Baca Juga: DPR Hari Ini 3 Kali Rapat Bahas RUU Polri
Dalam pembahasan yang sama, Panja RUU Polri juga menyepakati bahwa warga negara Indonesia penyandang disabilitas dapat menjadi anggota Polri selama memiliki kompetensi yang dibutuhkan untuk menjalankan tugas kepolisian. Ketentuan ini dinilai sebagai bagian dari upaya memperluas akses dan kesempatan yang setara bagi seluruh warga negara.
Saat rapat berlangsung, anggota Komisi III DPR RI, Hinca Pandjaitan, mempertanyakan alasan pemerintah tetap mempertahankan syarat pendidikan minimal SMA. Menurutnya, berkembang pandangan di masyarakat bahwa standar pendidikan anggota kepolisian seharusnya ditingkatkan menjadi minimal sarjana.
“Ada keinginan pendidikan untuk teman-teman di kepolisian ini, karena sudah banyak sekali pendidikan yang bagus-bagus, levelnya itu minimal S-1. Apakah ini ada penjelasan dari pemerintah mengapa masih berpendidikan paling rendah SMA atau sederajat itu?” tanya Hinca.
Menanggapi hal tersebut, Kepala Divisi Hukum Polri, Agus Nugroho, menjelaskan bahwa ketentuan tersebut didasarkan pada hasil analisis dan evaluasi internal Polri terkait kebutuhan pembentukan personel bintara.
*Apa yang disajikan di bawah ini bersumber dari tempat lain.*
lemma rate_cong:
  assumes "dim_row W = dim_row H" "dim_row W' = dim_row H" "herm H * W = herm H * W'"
    "dim_col H \<le> dim_col W" "k < dim_col H"
  shows "rate H sc W k = rate H sc W' k"
proof -
  have cols: "dim_col W' = dim_col W"
    using arg_cong[OF assms(3), of dim_col] by simp
  have hw: "hw H W k j = hw H W' k j" if "j < dim_col W" for j
    using assms cols that by (simp add: hw_eq_herm_mult_index)
  have "(\<Sum>j\<in>{..<dim_col H} - {k}. (cmod (hw H W k j))\<^sup>2)
      = (\<Sum>j\<in>{..<dim_col H} - {k}. (cmod (hw H W' k j))\<^sup>2)"
    using assms(4) by (intro sum.cong) (auto simp: hw)
  moreover have "(\<Sum>j\<in>{dim_col H..<dim_col W}. (cmod (hw H W k j))\<^sup>2)
      = (\<Sum>j\<in>{dim_col H..<dim_col W}. (cmod (hw H W' k j))\<^sup>2)"
    by (intro sum.cong) (auto simp: hw)
  ultimately show ?thesis
    using assms(4,5) unfolding rate_def cols by (simp add: hw)
qed

lemma obj_cong:
  assumes "dim_row W = dim_row H" "dim_row W' = dim_row H"
    "herm H * W = herm H * W'" "dim_col H \<le> dim_col W"
    "herm (steer_mat (dim_row H) M a \<theta> \<phi>) * W = herm (steer_mat (dim_row H) M a \<theta> \<phi>) * W'"
    "herm (dtheta_mat (dim_row H) M a \<theta> \<phi>) * W = herm (dtheta_mat (dim_row H) M a \<theta> \<phi>) * W'"
    "herm (dphi_mat (dim_row H) M a \<theta> \<phi>) * W = herm (dphi_mat (dim_row H) M a \<theta> \<phi>) * W'"
  shows "obj dc ds H sc L ss2 Nr M a b \<theta> \<phi> \<alpha> W = obj dc ds H sc L ss2 Nr M a b \<theta> \<phi> \<alpha> W'"
  unfolding obj_def using rate_cong[OF assms(1-4)] FIM_cong[OF assms(1,2,5-7)] by simp

lemma herm_mult_cong_submatrix:
  assumes eq: "herm N * W = herm N * W'"
    and dims: "dim_row W = dim_row N" "dim_row W' = dim_row N" "dim_row X = dim_row N"
    and cols: "\<And>m. m < dim_col X \<Longrightarrow> off + m < dim_col N"
      "\<And>i m. i < dim_row N \<Longrightarrow> m < dim_col X \<Longrightarrow> X $$ (i, m) = N $$ (i, off + m)"
  shows "herm X * W = herm X * W'"
proof (rule eq_matI)
  have colW: "dim_col W = dim_col W'"
    using arg_cong[OF eq, of dim_col] by simp
  fix m j assume "m < dim_row (herm X * W')" "j < dim_col (herm X * W')"
  then have mj: "m < dim_col X" "j < dim_col W" "j < dim_col W'"
    using colW by auto
  have "(herm X * V) $$ (m, j) = (herm N * V) $$ (off + m, j)"
    if "dim_row V = dim_row N" "j < dim_col V" for V
    using that mj dims cols by (simp add: herm_mult_index del: index_mult_mat(1))
  then show "(herm X * W) $$ (m, j) = (herm X * W') $$ (m, j)"
    using eq dims mj by metis
qed (use arg_cong[OF eq, of dim_col] in simp_all)

lemma herm_Nmat_mult_cong:
  fixes H A Adt Adp :: "complex mat"
  defines "N \<equiv> Nmat H A Adt Adp"
  assumes eq: "herm N * W = herm N * W'"
    and rows: "dim_row A = dim_row H" "dim_row Adt = dim_row H" "dim_row Adp = dim_row H"
      "dim_row W = dim_row H" "dim_row W' = dim_row H"
    and cols: "dim_col Adt = dim_col A" "dim_col Adp = dim_col A"
  shows "herm H * W = herm H * W'" "herm A * W = herm A * W'"
    "herm Adt * W = herm Adt * W'" "herm Adp * W = herm Adp * W'"
proof -
  have N: "dim_row N = dim_row H" "dim_col N = dim_col H + 3 * dim_col A"
    by (simp_all add: N_def Nmat_def)
  show "herm H * W = herm H * W'"
    by (rule herm_mult_cong_submatrix[OF eq, where off = 0])
      (use rows N in \<open>auto simp: N_def Nmat_def\<close>)
  show "herm A * W = herm A * W'"
    by (rule herm_mult_cong_submatrix[OF eq, where off = "dim_col H"])
      (use rows N in \<open>auto simp: N_def Nmat_def\<close>)
  show "herm Adt * W = herm Adt * W'"
    by (rule herm_mult_cong_submatrix[OF eq, where off = "dim_col H + dim_col A"])
      (use rows cols N in \<open>auto simp: N_def Nmat_def\<close>)
  show "herm Adp * W = herm Adp * W'"
    by (rule herm_mult_cong_submatrix[OF eq, where off = "dim_col H + 2 * dim_col A"])
      (use rows cols N in \<open>auto simp: N_def Nmat_def\<close>)
qed

lemma maximum_under_reparametrization:
  fixes f :: "'a \<Rightarrow> 'c :: {Sup, ord}"
  assumes into: "g ` B \<subseteq> A" and onto: "\<And>x. x \<in> A \<Longrightarrow> \<exists>y\<in>B. f (g y) = f x"
  shows "Sup (f ` A) = Sup ((\<lambda>y. f (g y)) ` B)
    \<and> (\<forall>y. y \<in> B \<and> (\<forall>z\<in>B. f (g z) \<le> f (g y)) \<longrightarrow> g y \<in> A \<and> (\<forall>x\<in>A. f x \<le> f (g y)))"
proof -
  have "f ` A = (\<lambda>y. f (g y)) ` B"
  proof
    show "f ` A \<subseteq> (\<lambda>y. f (g y)) ` B"
      using onto by (force simp: image_iff)
    show "(\<lambda>y. f (g y)) ` B \<subseteq> f ` A"
      using into by auto
  qed
  moreover have "\<forall>x\<in>A. f x \<le> f (g y)" if "\<forall>z\<in>B. f (g z) \<le> f (g y)" for y
    using that onto by metis
  ultimately show ?thesis
    using into by (simp add: image_subset_iff)
qed

theorem proposition5:
  fixes Nt Nr K M L :: nat
    and H :: "complex mat" and sc :: "nat \<Rightarrow> real" and ss2 dc ds Pt :: real
    and a b :: "real \<times> real \<Rightarrow> nat \<Rightarrow> complex"
    and \<theta> \<phi> :: "nat \<Rightarrow> real" and \<alpha> :: "nat \<Rightarrow> complex"
  assumes pos: "Nt > 0" "Nr > 0" "K > 0" "M > 0" "L > 0"
    and H: "H \<in> carrier_mat Nt K"
    and sc: "\<forall>k<K. sc k > 0"
    and ss2: "ss2 > 0"
    and dc: "dc \<ge> 0" and ds: "ds \<ge> 0"
    and Pt: "Pt > 0"
    and a_diff: "\<forall>i<Nt. \<forall>x. (\<lambda>p. a p i) differentiable (at x)"
    and b_diff: "\<forall>i<Nr. \<forall>x. (\<lambda>p. b p i) differentiable (at x)"
  defines "f \<equiv> obj dc ds H sc L ss2 Nr M a b \<theta> \<phi> \<alpha>"
    and "N \<equiv> Nmat H (steer_mat Nt M a \<theta> \<phi>) (dtheta_mat Nt M a \<theta> \<phi>) (dphi_mat Nt M a \<theta> \<phi>)"
  defines "feas1 \<equiv> {W. W \<in> carrier_mat Nt (K + 3 * M) \<and> Re (mtrace (W * herm W)) \<le> Pt
                     \<and> invertible_mat (FIM L ss2 Nt Nr M a b \<theta> \<phi> \<alpha> W)}"
  defines "feas2 \<equiv> {P. P \<in> carrier_mat (K + 3 * M) (K + 3 * M)
                     \<and> Re (mtrace (P * herm P * herm N * N)) \<le> Pt
                     \<and> invertible_mat (FIM L ss2 Nt Nr M a b \<theta> \<phi> \<alpha> (N * P))}"
  shows "Sup (f ` feas1) = Sup ((\<lambda>P. f (N * P)) ` feas2)
       \<and> (\<forall>P. P \<in> feas2 \<and> (\<forall>Q\<in>feas2. f (N * Q) \<le> f (N * P))
              \<longrightarrow> N * P \<in> feas1 \<and> (\<forall>W\<in>feas1. f W \<le> f (N * P)))"
proof -
  have H_dims: "dim_row H = Nt" "dim_col H = K"
    using H by auto
  have N: "N \<in> carrier_mat Nt (K + 3 * M)"
    by (simp add: N_def Nmat_def H_dims)
  have into: "N * P \<in> feas1" if "P \<in> feas2" for P
    using that N mtrace_mult_herm_cyclic[OF N] by (auto simp: feas1_def feas2_def)
  have onto: "\<exists>P\<in>feas2. f (N * P) = f W" if "W \<in> feas1" for W
  proof -
    have W: "W \<in> carrier_mat Nt (K + 3 * M)"
      using that by (simp add: feas1_def)
    obtain P where P: "P \<in> carrier_mat (K + 3 * M) (K + 3 * M)"
      and NP: "herm N * (N * P) = herm N * W"
      and power: "Re (mtrace (N * P * herm (N * P))) \<le> Re (mtrace (W * herm W))"
      using column_space_projection[OF N W] .
    have NP_dims: "dim_row (N * P) = Nt" "dim_col (N * P) = K + 3 * M"
      using N P by auto
    note blocks = herm_Nmat_mult_cong[OF NP[unfolded N_def], folded N_def]
    have FIM: "FIM L ss2 Nt Nr M a b \<theta> \<phi> \<alpha> (N * P) = FIM L ss2 Nt Nr M a b \<theta> \<phi> \<alpha> W"
      using blocks(2-4) W NP_dims by (intro FIM_cong) (auto simp: H_dims)
    have "f (N * P) = f W"
      unfolding f_def using blocks W NP_dims by (intro obj_cong) (auto simp: H_dims)
    moreover have "P \<in> feas2"
      using that P power FIM mtrace_mult_herm_cyclic[OF N P] by (simp add: feas1_def feas2_def)
    ultimately show ?thesis
      by blast
  qed
  show ?thesis
    using maximum_under_reparametrization[of "\<lambda>P. N * P" feas2 feas1 f] into onto by blast
qed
Ia menegaskan bahwa jalur rekrutmen berbasis pendidikan sarjana tetap tersedia melalui Sekolah Inspektur Polisi Sumber Sarjana (SIPSS) yang ditujukan untuk pembentukan perwira.
“Jadi, memang ada pendidikan lain. Itulah kenapa di sini menggunakan istilah pembentukan. Pembentukan bintara, pembentukan perwira. Yang satu bersumber dari SMA, yang satu lagi bersumber dari sarjana,” jelas Agus.
Dengan demikian, RUU Polri tetap mempertahankan pola rekrutmen berjenjang yang selama ini berlaku, di mana lulusan SMA dapat mengikuti seleksi untuk pembentukan bintara, sementara lulusan sarjana memiliki jalur tersendiri untuk menjadi perwira melalui pendidikan khusus yang diselenggarakan Polri.
(Sumber: Antara)
Perwakilan pemerintah dalam rapat Panitia Kerja (Panja) Rancangan Undang-Undang (RUU) tentang Perubahan atas Undang-Undang Nomor 2 Tahun 2002 tentang Polri di Gedung DPR, Senayan, Jakarta, Senin (8/6/2026). ANTARA/Fath Putra Mulya (Antara)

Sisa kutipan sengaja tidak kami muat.